Arena Usage Example#
The minimum Go version to use the arena is 1.20, and GOEXPERIMENT needs to be enabled.
$ go env -w GOEXPERIMENT='arenas'
Let's write a test to see how to use the arena package and some precautions.
func Test_arena(t *testing.T) {
ar := arena.NewArena() // Create an arena object
// Use arena.MakeSlice to create a slice providing len and cap
// Similar to the native makeslice
s1 := arena.MakeSlice[int](ar, 0, 8)
s1 = append(s1, 1, 2, 3, 4, 5)
t.Log(s1) // [1 2 3 4 5]
// Use arena.Clone to clone an object
s2 := []string{"🐱", "🐭"}
s3 := arena.Clone(s2)
t.Log(s3) // [🐱 🐭]
// Use arena.New to create an object similar to the native new, returning *T
s4 := arena.New[map[int]int](ar)
t.Log((*s4)[0]) // 0
// If this append is not added, accessing s1 after Free will crash
// Because here the append exceeds cap and actually uses growslice
// So s1 becomes memory allocated by native mallocgc and is no longer managed by the arena
s1 = append(s1, 6, 7, 8, 9)
// Use Free to release all memory space allocated by the arena
ar.Free()
// Since growslice now has s1 unrelated to ar, accessing it will not crash
t.Log(s1)
// Since ar has been released, the original memory area is set to be inaccessible (refer to the implementation source code later), this will crash
// accessed data from freed user arena 0xc0047fffc0
// fatal error: fault
// [signal SIGSEGV: segmentation violation code=0x2 addr=0xc004000000 pc=0x1133494]
t.Log(((*s4)[0]))
}
Arena Implementation Source Code Analysis#
When reading the code, I tend to first envision a usage scenario and then read the corresponding implementation according to the flow:
- First create an arena
- The arena first requests space (each time requesting a segment of space)
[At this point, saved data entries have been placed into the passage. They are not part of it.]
lemma tclass_some_rel:
  assumes "a \<in> P \<times> sq_carrier X"
  shows "(a, SOME b. b \<in> tclass P X a) \<in> tens_rel P X"
proof -
  have "(SOME b. b \<in> tclass P X a) \<in> tclass P X a"
    using tclass_self[OF assms] by (rule someI)
  then show ?thesis unfolding tclass_def by simp
qed

lemma tensor_carrier_cases:
  assumes "c \<in> sq_carrier (tensor P X)"
  obtains a where "a \<in> P \<times> sq_carrier X" "c = tclass P X a"
  using assms unfolding tensor_def tclass_def by (auto elim: quotientE)

lemma tclass_in_tensor_carrier: "a \<in> P \<times> sq_carrier X \<Longrightarrow> tclass P X a \<in> sq_carrier (tensor P X)"
  unfolding tensor_def tclass_def by (simp add: quotientI)

lemma tens_rel_mono:
  assumes "P \<subseteq> Q"
  shows "tens_rel P X \<subseteq> tens_rel Q X"
proof -
  have "glue_gen P X \<subseteq> glue_gen Q X"
    using assms unfolding glue_gen_def by blast
  then have "(glue_gen P X \<union> (glue_gen P X)\<inverse>)\<^sup>* \<subseteq> (glue_gen Q X \<union> (glue_gen Q X)\<inverse>)\<^sup>*"
    by (intro rtrancl_mono) blast
  then show ?thesis
    using assms unfolding tens_rel_def by blast
qed

lemma tens_rel_map:
  assumes f: "sqms_mor X Y f" and ab: "(a, b) \<in> tens_rel P X"
  shows "((fst a, f (snd a)), (fst b, f (snd b))) \<in> tens_rel P Y"
proof -
  let ?g = "\<lambda>z. (fst z, f (snd z))"
  have glue: "(?g u, ?g v) \<in> glue_gen P Y" if "(u, v) \<in> glue_gen P X" for u v
  proof -
    from that obtain m n p q where uv: "u = (m, sq_map X p)" "v = (n, sq_map X q)"
      and glued: "m \<in> P" "n \<in> P" "adj m n" "p \<in> M0" "q \<in> M0"
        "(of_int (fst m) + fst p) / 3 = (of_int (fst n) + fst q) / 3"
        "(of_int (snd m) + snd p) / 3 = (of_int (snd n) + snd q) / 3"
      unfolding glue_gen_def by blast
    have "f (sq_map X p) = sq_map Y p" "f (sq_map X q) = sq_map Y q"
      using f glued(4,5) unfolding sqms_mor_def by auto
    then show ?thesis
      using glued uv unfolding glue_gen_def by fastforce
  qed
  have "(a, b) \<in> (glue_gen P X \<union> (glue_gen P X)\<inverse>)\<^sup>*"
    using ab unfolding tens_rel_def by blast
  then have "(?g a, ?g b) \<in> (glue_gen P Y \<union> (glue_gen P Y)\<inverse>)\<^sup>*"
  proof (induction rule: rtrancl_induct)
    case base
    show ?case by simp
  next
    case (step y z)
    then show ?case using glue by (blast intro: rtrancl_into_rtrancl)
  qed
  moreover have "?g a \<in> P \<times> sq_carrier Y" "?g b \<in> P \<times> sq_carrier Y"
    using ab f unfolding tens_rel_def sqms_mor_def by auto
  ultimately show ?thesis unfolding tens_rel_def by blast
qed

lemma tmap_tclass:
  assumes "sqms_mor X Y f" and "a \<in> P \<times> sq_carrier X"
  shows "tmap P X Y f (tclass P X a) = tclass P Y (fst a, f (snd a))"
  using tclass_eq[OF tens_rel_map[OF assms(1) tclass_some_rel[OF assms(2)]]]
  unfolding tmap_def Let_def by simp

lemma iota_tclass:
  assumes "P \<subseteq> Ngrid" and "a \<in> P \<times> sq_carrier X"
  shows "iota X (tclass P X a) = tclass Ngrid X a"
proof -
  have "(a, SOME b. b \<in> tclass P X a) \<in> tens_rel Ngrid X"
    using tens_rel_mono[OF assms(1)] tclass_some_rel[OF assms(2)] by blast
  then show ?thesis unfolding iota_def by (simp add: tclass_eq)
qed

definition cell_coord :: "int \<times> int \<Rightarrow> real \<times> real \<Rightarrow> real \<times> real" where
  "cell_coord m p = (3 * fst p - of_int (fst m), 3 * snd p - of_int (snd m))"

lemma boundary_cell_index:
  fixes r :: real and i :: int
  assumes "r \<in> {0, 1}" "i \<in> {0, 1, 2}" "3 * r - of_int i \<in> {0..1}"
  shows "of_int i = 2 * r"
  using assms by auto

lemma cell_index_close:
  fixes r :: real and i j :: int
  assumes "3 * r - of_int i \<in> {0..1}" "3 * r - of_int j \<in> {0..1}"
  shows "\<bar>i - j\<bar> \<le> 1"
proof -
  have "\<bar>of_int i - of_int j\<bar> \<le> (1::real)" using assms by auto
  then show ?thesis by linarith
qed

lemma cell_exists:
  assumes "p \<in> {0..1} \<times> {0..1}"
  shows "\<exists>m\<in>Ngrid. in_cell m p"
proof -
  have index: "min 2 \<lfloor>3 * t\<rfloor> \<in> {0, 1, 2} \<and> 3 * t - of_int (min 2 \<lfloor>3 * t\<rfloor>) \<in> {0..1}"
    if "t \<in> {0..1}" for t :: real
  proof -
    let ?i = "min 2 \<lfloor>3 * t\<rfloor>"
    have "0 \<le> ?i" "?i \<le> 2" using that by auto
    then have "?i \<in> {0, 1, 2}" by (simp only: insert_iff empty_iff) linarith
    moreover have "of_int ?i \<le> 3 * t \<and> 3 * t \<le> of_int ?i + 1"
      using that by (cases "\<lfloor>3 * t\<rfloor> \<le> 2") (simp_all add: min_def)
    ultimately show ?thesis by simp
  qed
  let ?m = "(min 2 \<lfloor>3 * fst p\<rfloor>, min 2 \<lfloor>3 * snd p\<rfloor>)"
  have "fst p \<in> {0..1}" "snd p \<in> {0..1}" using assms by (auto simp: mem_Times_iff)
  then have "?m \<in> Ngrid" "in_cell ?m p"
    using index unfolding Ngrid_def in_cell_def by auto
  then show ?thesis by blast
qed

lemma M0_cell_in_Mgrid:
  assumes "p \<in> M0" "m \<in> Ngrid" "in_cell m p"
  shows "m \<in> Mgrid"
  using assms unfolding M0_def Ngrid_def Mgrid_def in_cell_def by auto

lemma cell_coord_in_M0:
  assumes "p \<in> M0" "m \<in> Ngrid" "in_cell m p"
  shows "cell_coord m p \<in> M0"
  using assms boundary_cell_index[of "fst p" "fst m"] boundary_cell_index[of "snd p" "snd m"]
  unfolding M0_def Ngrid_def in_cell_def cell_coord_def by auto

lemma M0_cells_adj:
  assumes p: "p \<in> M0" and m: "m \<in> Ngrid" and n: "n \<in> Ngrid"
    and cells: "in_cell m p" "in_cell n p" and "m \<noteq> n"
  shows "adj m n"
proof -
  have grid: "fst m \<in> {0, 1, 2}" "snd m \<in> {0, 1, 2}" "fst n \<in> {0, 1, 2}" "snd n \<in> {0, 1, 2}"
    using m n by (auto simp: Ngrid_def mem_Times_iff)
  have "fst p \<in> {0, 1} \<or> snd p \<in> {0, 1}"
    using p by (auto simp: M0_def)
  then have "fst m = fst n \<or> snd m = snd n"
  proof
    assume "fst p \<in> {0, 1}"
    then have "real_of_int (fst m) = real_of_int (fst n)"
      using boundary_cell_index[of "fst p"] grid cells unfolding in_cell_def by metis
    then show ?thesis by simp
  next
    assume "snd p \<in> {0, 1}"
    then have "real_of_int (snd m) = real_of_int (snd n)"
      using boundary_cell_index[of "snd p"] grid cells unfolding in_cell_def by metis
    then show ?thesis by simp
  qed
  moreover have "\<bar>fst m - fst n\<bar> \<le> 1" "\<bar>snd m - snd n\<bar> \<le> 1"
    using cells cell_index_close unfolding in_cell_def by blast+
  ultimately show ?thesis using \<open>m \<noteq> n\<close> unfolding adj_def by (auto simp: prod_eq_iff)
qed

lemma cells_glued:
  assumes X: "is_sqms X" and P: "P \<subseteq> Ngrid" and p: "p \<in> M0"
    and m: "m \<in> P" "in_cell m p" and n: "n \<in> P" "in_cell n p"
  shows "((m, sq_map X (cell_coord m p)), (n, sq_map X (cell_coord n p))) \<in> tens_rel P X"
proof -
  have coords: "cell_coord m p \<in> M0" "cell_coord n p \<in> M0"
    using cell_coord_in_M0[OF p] m n P by blast+
  then have in_carrier: "(m, sq_map X (cell_coord m p)) \<in> P \<times> sq_carrier X"
      "(n, sq_map X (cell_coord n p)) \<in> P \<times> sq_carrier X"
    using X m n unfolding is_sqms_def by auto
  show ?thesis
  proof (cases "m = n")
    case True
    then show ?thesis
      using tclass_self[OF in_carrier(1)] unfolding tclass_def by simp
  next
    case False
    then have "adj m n" using M0_cells_adj[OF p _ _ m(2) n(2)] m(1) n(1) P by blast
    then have "((m, sq_map X (cell_coord m p)), (n, sq_map X (cell_coord n p))) \<in> glue_gen P X"
      using m n coords unfolding glue_gen_def cell_coord_def by fastforce
    then show ?thesis
      using in_carrier unfolding tens_rel_def by blast
  qed
qed

lemma tS_tclass:
  assumes X: "is_sqms X" and P: "P \<subseteq> Ngrid" and p: "p \<in> M0" and m: "m \<in> P" "in_cell m p"
  shows "tS P X p = tclass P X (m, sq_map X (cell_coord m p))"
proof -
  have tS_eq: "tS P X p = (SOME c. \<exists>n\<in>P. in_cell n p \<and> c = tclass P X (n, sq_map X (cell_coord n p)))"
    unfolding tS_def cell_coord_def ..
  have "\<exists>n\<in>P. in_cell n p \<and> tS P X p = tclass P X (n, sq_map X (cell_coord n p))"
    unfolding tS_eq by (rule someI_ex) (use m in blast)
  then show ?thesis
    using cells_glued[OF X P p m] tclass_eq by metis
qed

lemma tbase_nonneg: "is_sqms X \<Longrightarrow> 0 \<le> tbase X a b"
  unfolding is_sqms_def tbase_def by (auto intro: Metric_space.nonneg)

lemma chain_cost_antimono:
  assumes X: "is_sqms X" and "P \<subseteq> Q"
  shows "chain_cost Q X xs \<le> chain_cost P X xs"
  unfolding chain_cost_def
proof (rule sum_list_mono, clarify)
  fix a b
  show "(if (a, b) \<in> tens_rel Q X then 0 else tbase X a b)
      \<le> (if (a, b) \<in> tens_rel P X then 0 else tbase X a b)"
    using tens_rel_mono[OF \<open>P \<subseteq> Q\<close>] tbase_nonneg[OF X] by auto
qed

lemma tdist_antimono:
  assumes X: "is_sqms X" and "P \<subseteq> Q" and a: "a \<in> P \<times> sq_carrier X" and b: "b \<in> P \<times> sq_carrier X"
  shows "tdist Q X (tclass Q X a) (tclass Q X b) \<le> tdist P X (tclass P X a) (tclass P X b)"
  unfolding tdist_def
proof (rule cInf_mono)
  have "a \<in> tclass P X a" "b \<in> tclass P X b"
    using tclass_self a b by blast+
  then show "{chain_cost P X xs |xs. xs \<noteq> [] \<and> set xs \<subseteq> P \<times> sq_carrier X \<and>
      hd xs \<in> tclass P X a \<and> last xs \<in> tclass P X b} \<noteq> {}"
    using a b by (auto intro!: exI[of _ "[a, b]"])
  have "0 \<le> chain_cost Q X xs" for xs
    unfolding chain_cost_def using tbase_nonneg[OF X] by (auto intro!: sum_list_nonneg)
  then show "bdd_below {chain_cost Q X xs |xs. xs \<noteq> [] \<and> set xs \<subseteq> Q \<times> sq_carrier X \<and>
      hd xs \<in> tclass Q X a \<and> last xs \<in> tclass Q X b}"
    by (auto intro: bdd_belowI[of _ 0])
  have "tclass P X c \<subseteq> tclass Q X c" for c
    unfolding tclass_def using tens_rel_mono[OF \<open>P \<subseteq> Q\<close>] by blast
  then show "\<exists>d\<in>{chain_cost Q X xs |xs. xs \<noteq> [] \<and> set xs \<subseteq> Q \<times> sq_carrier X \<and>
      hd xs \<in> tclass Q X a \<and> last xs \<in> tclass Q X b}. d \<le> e"
    if "e \<in> {chain_cost P X xs |xs. xs \<noteq> [] \<and> set xs \<subseteq> P \<times> sq_carrier X \<and>
      hd xs \<in> tclass P X a \<and> last xs \<in> tclass P X b}" for e
    using that \<open>P \<subseteq> Q\<close> chain_cost_antimono[OF X \<open>P \<subseteq> Q\<close>] by blast
qed

lemma Mgrid_subset_Ngrid: "Mgrid \<subseteq> Ngrid"
  unfolding Mgrid_def by blast

lemma sqms_mor_iota:
  assumes X: "is_sqms X"
  shows "sqms_mor (tensor Mgrid X) (tensor Ngrid X) (iota X)"
  unfolding sqms_mor_def
proof (intro conjI ballI image_subsetI)
  fix c assume "c \<in> sq_carrier (tensor Mgrid X)"
  then obtain a where a: "a \<in> Mgrid \<times> sq_carrier X" and c: "c = tclass Mgrid X a"
    by (rule tensor_carrier_cases)
  have "a \<in> Ngrid \<times> sq_carrier X" using a Mgrid_subset_Ngrid by blast
  then show "iota X c \<in> sq_carrier (tensor Ngrid X)"
    unfolding c iota_tclass[OF Mgrid_subset_Ngrid a] by (rule tclass_in_tensor_carrier)
next
  fix c d assume "c \<in> sq_carrier (tensor Mgrid X)" "d \<in> sq_carrier (tensor Mgrid X)"
  then obtain a b where a: "a \<in> Mgrid \<times> sq_carrier X" "c = tclass Mgrid X a"
    and b: "b \<in> Mgrid \<times> sq_carrier X" "d = tclass Mgrid X b"
    by (metis tensor_carrier_cases)
  show "sq_dist (tensor Ngrid X) (iota X c) (iota X d) \<le> sq_dist (tensor Mgrid X) c d"
    using tdist_antimono[OF X Mgrid_subset_Ngrid a(1) b(1)]
    by (simp add: tensor_def a b iota_tclass[OF Mgrid_subset_Ngrid])
next
  fix p assume p: "p \<in> M0"
  then have "p \<in> {0..1} \<times> {0..1}" by (auto simp: M0_def)
  then obtain m where m: "m \<in> Ngrid" "in_cell m p" using cell_exists by blast
  have "m \<in> Mgrid" using M0_cell_in_Mgrid[OF p m] .
  moreover have "sq_map X (cell_coord m p) \<in> sq_carrier X"
    using X cell_coord_in_M0[OF p m] unfolding is_sqms_def by blast
  ultimately show "iota X (sq_map (tensor Mgrid X) p) = sq_map (tensor Ngrid X) p"
    using tS_tclass[OF X Mgrid_subset_Ngrid p _ m(2)] tS_tclass[OF X subset_refl p m]
    by (simp add: tensor_def iota_tclass[OF Mgrid_subset_Ngrid])
qed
- The arena allocates object 1, allocates object 2 ... until space runs out
- Request space again to allocate new objects
- Release the arena (in most cases, there should be caching here)
- Create another arena or request space again (may take some things from the cache)
The following source code analysis has a considerable correlation with Go memory management, requiring readers to have a basic understanding of Go's memory allocator implementation (mspan, mheap, etc.) and the GC process.
From Standard Library to Runtime#
The standard library arena
is actually a wrapper for runtime linked via linkname to src/runtime/arena.go, just look directly at arena.go.
func newUserArena() *userArena // Create arena object
func (a *userArena) new(typ *_type) unsafe.Pointer
func (a *userArena) slice(sl any, cap int)
func (a *userArena) free()
// ...
Runtime Structure of Arena#
arenaChunk is a segment of heap memory, managed by mspan after being allocated by mheap (spanClass = 0).
type userArena struct {
fullList *mspan // Doubly linked list of already allocated mspan
active *mspan // The most recently allocated mspan
refs []unsafe.Pointer // List of base addresses of arenaChunk (mspan)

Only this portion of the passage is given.